Review: Close-Up – The Twiggy Musical, Menier Chocolate Factory

Ben Elton’s Close-Up: The Twiggy Musical is a fantastically misjudged production at the Menier Chocolate Factory

“When the truth is found to be lies
And all the joy within you dies”

One thing that never seems to strike those bristle at the suggestion that they might not be the best suited to tell a particular story is that there could possibly be some truth to it, that just because they can write about something doesn’t automatically mean that they are best suited to doing so, that a different perspective could be so much more valuable and insightful to our culture. Close-Up: The Twiggy Musical arrives at the Menier Chocolate Factory as part of a programme of three back-to-back musicals all with white, male directors with an average age of 69 and written by white men with an average age of 78 – Elton is actually the youngest writer in there at 64 – so make of that what you will.

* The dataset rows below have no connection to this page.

(* A word [g\<^sub>1, \<dots>, g\<^sub>n] acts as foldr id [g\<^sub>1, \<dots>, g\<^sub>n] = g\<^sub>1 \<circ> \<dots> \<circ> g\<^sub>n. *)
lemma measure_preserving_word:
  assumes "\<And>g. g \<in> F \<Longrightarrow> measure_preserving M g" "w \<in> lists F"
  shows "measure_preserving M (foldr id w)"
  using assms(2)
proof (induction w)
  case Nil
  then show ?case by (simp add: measure_preserving_def id_def)
next
  case (Cons g w)
  then show ?case
    using measure_preserving_comp[OF assms(1)] by (simp add: comp_def)
qed

lemma conull_invariant_set:
  assumes F: "countable F" "\<And>g. g \<in> F \<Longrightarrow> measure_preserving M g"
    and P: "AE x in M. P x"
  obtains G where "G \<in> sets M" "emeasure M (space M - G) = 0" "\<And>x. x \<in> G \<Longrightarrow> P x"
    "\<And>g x. g \<in> F \<Longrightarrow> x \<in> G \<Longrightarrow> g x \<in> G"
proof -
  obtain N where "{x \<in> space M. \<not> P x} \<subseteq> N" "emeasure M N = 0" "N \<in> sets M"
    using AE_E[OF P] by blast
  then have N: "{x \<in> space M. \<not> P x} \<subseteq> N" "N \<in> null_sets M"
    by (auto intro: null_setsI)
  \<comment> \<open>the points whose whole forward orbit under the semigroup generated by \<open>F\<close> avoids \<open>N\<close>\<close>
  define G where "G = (\<Inter>w\<in>lists F. foldr id w -` (space M - N) \<inter> space M)"
  have word: "measure_preserving M (foldr id w)" if "w \<in> lists F" for w
    using measure_preserving_word[OF F(2) that] .
  have "G \<in> sets M"
    unfolding G_def using F(1) N(2) word
    by (intro sets.countable_INT') (auto intro!: measurable_sets simp: measure_preserving_def)
  moreover have "emeasure M (space M - G) = 0"
  proof -
    have "AE x in M. x \<in> space M - N"
      using AE_not_in[OF N(2)] by (auto elim: eventually_mono)
    then have "AE x in M. foldr id w x \<in> space M - N" if "w \<in> lists F" for w
      by (rule AE_measure_preserving[OF word[OF that]])
    then have "AE x in M. \<forall>w\<in>lists F. foldr id w x \<in> space M - N"
      using F(1) by (simp add: AE_ball_countable)
    then have "emeasure M {x \<in> space M. \<not> (\<forall>w\<in>lists F. foldr id w x \<in> space M - N)} = 0"
      by (rule AE_E2)
    moreover have "space M - G = {x \<in> space M. \<not> (\<forall>w\<in>lists F. foldr id w x \<in> space M - N)}"
      by (auto simp: G_def)
    ultimately show ?thesis
      by simp
  qed
  moreover have "P x" if "x \<in> G" for x
    using INT_D[OF that[unfolded G_def], of "[]"] N(1) by auto
  moreover have "g x \<in> G" if "g \<in> F" "x \<in> G" for g x
  proof -
    have "foldr id w (g x) \<in> space M - N" if "w \<in> lists F" for w
      using INT_D[OF \<open>x \<in> G\<close>[unfolded G_def], of "w @ [g]"] \<open>g \<in> F\<close> that by auto
    moreover from this[of "[]"] have "g x \<in> space M"
      by simp
    ultimately show ?thesis
      by (simp add: G_def)
  qed
  ultimately show ?thesis
    using that by blast
qed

Even without this context, there’s little to defend Close-Up… from being a fantastically misjudged project. The story of Lesley Hornby, a schoolgirl from a working class background in Neasden who rapidly rose to global fame as a model and face of the 1960s and beyond, is one rich with potential, not least avenues such as class and feminism evolving over the decades. But Elton spurns it all to go for a jukebox musical with a paper-thin, surface-level characterisation of her journey (the involvement of Twiggy herself may not have helped) and without the eye of an external director to perhaps suggest alternative directions here and there, the production goes full down the rabbit-hole.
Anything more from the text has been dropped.